Vadim Samokhin
Vadim Samokhin

Reputation: 3456

csrf protection

There are quite a lot written about preventing CSRF.

But I just don't get it: why I can't just parse the csrf token in the target page form and submit it with my forge request?

Upvotes: 6

Views: 1090

Answers (4)

santon
santon

Reputation: 1834

CSRF attacks are blind. They do session riding and the attacker has no direct control unless he can extract the token via an XSS vulnerability. Normally a session wide token can be used. Rotating tokens per request might be an overkill and could lead to false alarms. I prefer to use tokens per resource with a master session token.

Upvotes: 1

Scott C Wilson
Scott C Wilson

Reputation: 20026

Because the value of the CSRF token isn't known in advance.

Upvotes: 0

Joergi
Joergi

Reputation: 1593

The CSRF token should be everytime for every user and for every request a totally different token, so it can never be guessed from an attacker.

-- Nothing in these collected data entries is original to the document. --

(* Let $\Lambda$ be a proper $H^*$-algebra and let $L$ be a Hilbert $\Lambda$-module. Then the unit ball $B_1(L)=\{x\in L:\|x\|\le1\}$ is compact in the $\Lambda$-weak$^*$ topology on $L$, namely the topology with base consisting of the sets \[W_{x_0,y_1,\dots,y_n,S_1,\dots,S_n,\delta}=\{x\in L:\ |\mathrm{sp}(S_j([x,y_j]-[x_0,y_j]))|<\delta,\ j=1,\dots,n\}\] for $n\in\mathbb N$, $x_0,y_1,\dots,y_n\in L$, $S_1,\dots,S_n\in C(\Lambda)$, $\delta>0$.
   Context: An $H^*$-algebra is a complex associative Banach algebra $\Lambda$ with an inner product $\langle\cdot,\cdot\rangle$ such that $\langle a,a\rangle=\|a\|^2$ for all $a\in\Lambda$, and such that for each $a\in\Lambda$ there is $a^*\in\Lambda$ with $\langle ab,c\rangle=\langle b,a^*c\rangle$ and $\langle ba,c\rangle=\langle b,ca^*\rangle$ for all $b,c\in\Lambda$. It is proper if $a\Lambda=0$ implies $a=0$ (equivalently, every $a$ has a unique adjoint $a^*$). The trace-class is $\tau(\Lambda)=\{ab: a,b\in\Lambda\}$; it is a self-adjoint ideal of $\Lambda$ carrying a norm $\tau(\cdot)$ with $\tau(a^*a)=\|a\|^2$, and there is a continuous linear form $\mathrm{sp}$ (trace) on $\tau(\Lambda)$ with $\mathrm{sp}(ab)=\mathrm{sp}(ba)=\langle a^*,b\rangle$ for $a,b\in\Lambda$. A Hilbert $\Lambda$-module is a right $\Lambda$-module $L$ with a map $[\cdot,\cdot]\colon L\times L\to\tau(\Lambda)$ such that for all $\alpha\in\mathbb C$, $x,y,z\in L$, $a\in\Lambda$: $[x,\alpha y]=\alpha[x,y]$, $[x,y+z]=[x,y]+[x,z]$, $[x,ya]=[x,y]a$, $[x,y]^*=[y,x]$; $L$ is a Hilbert space with inner product $\langle x,y\rangle=\mathrm{sp}([x,y])$ (and $\|x\|$ denotes the corresponding norm); and for every $x\neq 0$ there is $a\in\Lambda$, $a\neq0$, with $[x,x]=a^*a$. $C(\Lambda)$ is the operator-norm closure of the span of the left multiplications $L_b\colon x\mapsto bx$ ($b\in\Lambda$) inside the space of bounded linear operators $S$ on $\Lambda$ satisfying $S(xy)=(Sx)y$ for all $x,y\in\Lambda$. *)

theory Defs
  imports "HOL-Analysis.Analysis"
begin

definition cvs :: "(complex \<Rightarrow> 'v::ab_group_add \<Rightarrow> 'v) \<Rightarrow> bool" where
  "cvs sc \<longleftrightarrow> (\<forall>x. sc 1 x = x) \<and> (\<forall>a b x. sc (a * b) x = sc a (sc b x))
     \<and> (\<forall>a b x. sc (a + b) x = sc a x + sc b x) \<and> (\<forall>a x y. sc a (x + y) = sc a x + sc a y)"

text \<open>Inner product, linear in the second and conjugate-linear in the first argument.\<close>
definition is_inner :: "(complex \<Rightarrow> 'v::ab_group_add \<Rightarrow> 'v) \<Rightarrow> ('v \<Rightarrow> 'v \<Rightarrow> complex) \<Rightarrow> bool" where
  "is_inner sc ip \<longleftrightarrow> (\<forall>x y z. ip x (y + z) = ip x y + ip x z)
     \<and> (\<forall>c x y. ip x (sc c y) = c * ip x y) \<and> (\<forall>x y. ip y x = cnj (ip x y))
     \<and> (\<forall>x. Re (ip x x) \<ge> 0) \<and> (\<forall>x. ip x x = 0 \<longrightarrow> x = 0)"

definition inorm :: "('v \<Rightarrow> 'v \<Rightarrow> complex) \<Rightarrow> 'v \<Rightarrow> real" where
  "inorm ip x = sqrt (Re (ip x x))"

definition complete_wrt :: "('v::ab_group_add \<Rightarrow> real) \<Rightarrow> bool" where
  "complete_wrt nrm \<longleftrightarrow> (\<forall>X :: nat \<Rightarrow> 'v.
     (\<forall>e>0. \<exists>N. \<forall>m\<ge>N. \<forall>n\<ge>N. nrm (X m - X n) < e) \<longrightarrow>
     (\<exists>l. \<forall>e>0. \<exists>N. \<forall>n\<ge>N. nrm (X n - l) < e))"

definition is_adjoint :: "('a::ring \<Rightarrow> 'a \<Rightarrow> complex) \<Rightarrow> 'a \<Rightarrow> 'a \<Rightarrow> bool" where
  "is_adjoint ip a a' \<longleftrightarrow> (\<forall>b c. ip (a * b) c = ip b (a' * c) \<and> ip (b * a) c = ip b (c * a'))"

definition H_star_algebra :: "(complex \<Rightarrow> 'a::ring \<Rightarrow> 'a) \<Rightarrow> ('a \<Rightarrow> 'a \<Rightarrow> complex) \<Rightarrow> bool" where
  "H_star_algebra sA ip \<longleftrightarrow> cvs sA
     \<and> (\<forall>c a b. sA c (a * b) = sA c a * b \<and> sA c (a * b) = a * sA c b)
     \<and> is_inner sA ip
     \<and> (\<forall>a b. inorm ip (a * b) \<le> inorm ip a * inorm ip b)
     \<and> complete_wrt (inorm ip)
     \<and> (\<forall>a. \<exists>a'. is_adjoint ip a a')"

definition proper_H_star_algebra :: "(complex \<Rightarrow> 'a::ring \<Rightarrow> 'a) \<Rightarrow> ('a \<Rightarrow> 'a \<Rightarrow> complex) \<Rightarrow> bool" where
  "proper_H_star_algebra sA ip \<longleftrightarrow> H_star_algebra sA ip \<and> (\<forall>a::'a. (\<forall>x. a * x = 0) \<longrightarrow> a = 0)"

definition adj :: "('a::ring \<Rightarrow> 'a \<Rightarrow> complex) \<Rightarrow> 'a \<Rightarrow> 'a" where
  "adj ip a = (THE a'. is_adjoint ip a a')"

definition trace_class :: "'a::ring set" where
  "trace_class = {a * b | a b. True}"

definition sp :: "('a::ring \<Rightarrow> 'a \<Rightarrow> complex) \<Rightarrow> 'a \<Rightarrow> complex" where
  "sp ip t = (SOME z. \<exists>a b. t = a * b \<and> z = ip (adj ip a) b)"

definition Hilbert_module ::
  "(complex \<Rightarrow> 'a::ring \<Rightarrow> 'a) \<Rightarrow> ('a \<Rightarrow> 'a \<Rightarrow> complex) \<Rightarrow>
   (complex \<Rightarrow> 'b::ab_group_add \<Rightarrow> 'b) \<Rightarrow> ('b \<Rightarrow> 'a \<Rightarrow> 'b) \<Rightarrow> ('b \<Rightarrow> 'b \<Rightarrow> 'a) \<Rightarrow> bool" where
  "Hilbert_module sA ip sL act br \<longleftrightarrow>
     cvs sL
     \<and> (\<forall>x y a. act (x + y) a = act x a + act y a)
     \<and> (\<forall>x a b. act x (a + b) = act x a + act x b)
     \<and> (\<forall>x a b. act x (a * b) = act (act x a) b)
     \<and> (\<forall>c x a. sL c (act x a) = act (sL c x) a \<and> sL c (act x a) = act x (sA c a))
     \<and> (\<forall>x y. br x y \<in> trace_class)
     \<and> (\<forall>\<alpha> x y. br x (sL \<alpha> y) = sA \<alpha> (br x y))
     \<and> (\<forall>x y z. br x (y + z) = br x y + br x z)
     \<and> (\<forall>x y a. br x (act y a) = br x y * a)
     \<and> (\<forall>x y. adj ip (br x y) = br y x)
     \<and> is_inner sL (\<lambda>x y. sp ip (br x y))
     \<and> complete_wrt (inorm (\<lambda>x y. sp ip (br x y)))
     \<and> (\<forall>x. x \<noteq> 0 \<longrightarrow> (\<exists>a. a \<noteq> 0 \<and> br x x = adj ip a * a))"

definition Lnorm :: "('a::ring \<Rightarrow> 'a \<Rightarrow> complex) \<Rightarrow> ('b \<Rightarrow> 'b \<Rightarrow> 'a) \<Rightarrow> 'b \<Rightarrow> real" where
  "Lnorm ip br x = inorm (\<lambda>x y. sp ip (br x y)) x"

definition bounded_op :: "(complex \<Rightarrow> 'a::ring \<Rightarrow> 'a) \<Rightarrow> ('a \<Rightarrow> 'a \<Rightarrow> complex) \<Rightarrow> ('a \<Rightarrow> 'a) \<Rightarrow> bool" where
  "bounded_op sA ip S \<longleftrightarrow> (\<forall>x y. S (x + y) = S x + S y) \<and> (\<forall>c x. S (sA c x) = sA c (S x))
     \<and> (\<exists>K. \<forall>x. inorm ip (S x) \<le> K * inorm ip x)"

definition left_mult_span :: "(complex \<Rightarrow> 'a::ring \<Rightarrow> 'a) \<Rightarrow> ('a \<Rightarrow> 'a) set" where
  "left_mult_span sA = {T. \<exists>(n::nat) c b. T = (\<lambda>x. \<Sum>i<n. sA (c i) (b i * x))}"

text \<open>C(Lambda): operator-norm closure of the span of left multiplications inside the bounded
  operators S with S(xy) = (Sx)y. The operator-norm condition ||S - T|| <= eps is unfolded.\<close>
definition C_alg :: "(complex \<Rightarrow> 'a::ring \<Rightarrow> 'a) \<Rightarrow> ('a \<Rightarrow> 'a \<Rightarrow> complex) \<Rightarrow> ('a \<Rightarrow> 'a) set" where
  "C_alg sA ip = {S. bounded_op sA ip S \<and> (\<forall>x y. S (x * y) = S x * y)
     \<and> (\<forall>e>0. \<exists>T\<in>left_mult_span sA. \<forall>x. inorm ip (S x - T x) \<le> e * inorm ip x)}"

definition weak_star_base ::
  "(complex \<Rightarrow> 'a::ring \<Rightarrow> 'a) \<Rightarrow> ('a \<Rightarrow> 'a \<Rightarrow> complex) \<Rightarrow> ('b \<Rightarrow> 'b \<Rightarrow> 'a) \<Rightarrow> 'b set set" where
  "weak_star_base sA ip br =
     {{x. \<forall>j<(n::nat). cmod (sp ip (S j (br x (y j) - br x0 (y j)))) < \<delta>} | n x0 y S \<delta>.
        (\<forall>j<n. S j \<in> C_alg sA ip) \<and> \<delta> > 0}"

definition weak_star_topology ::
  "(complex \<Rightarrow> 'a::ring \<Rightarrow> 'a) \<Rightarrow> ('a \<Rightarrow> 'a \<Rightarrow> complex) \<Rightarrow> ('b \<Rightarrow> 'b \<Rightarrow> 'a) \<Rightarrow> 'b topology" where
  "weak_star_topology sA ip br = topology_generated_by (weak_star_base sA ip br)"

end

theory Submission
  imports Defs
begin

For php, .net and javascript have a look in the OWASP CSRFGuard Project - if you are working with java and jsf 2.x its already save against CSRF (as long as you use POST and not GET - for this you will have to wait for JSF 2.2) else if you work without JSF the HTTPUtillities Interface from the OWASP ESAPI could be also very helpful!

Upvotes: 0

0x90
0x90

Reputation: 6259

If you are able to inject script code into the target page (XSS) then yes, you can do that thus rendering the CSRF prevention useless.

The CSRF token has to be stored in the page the end-user receives (or he won't know it either).

In fact, in security assessments, XSS usually evaluated not for its own damage potential but for its use in just such attacks.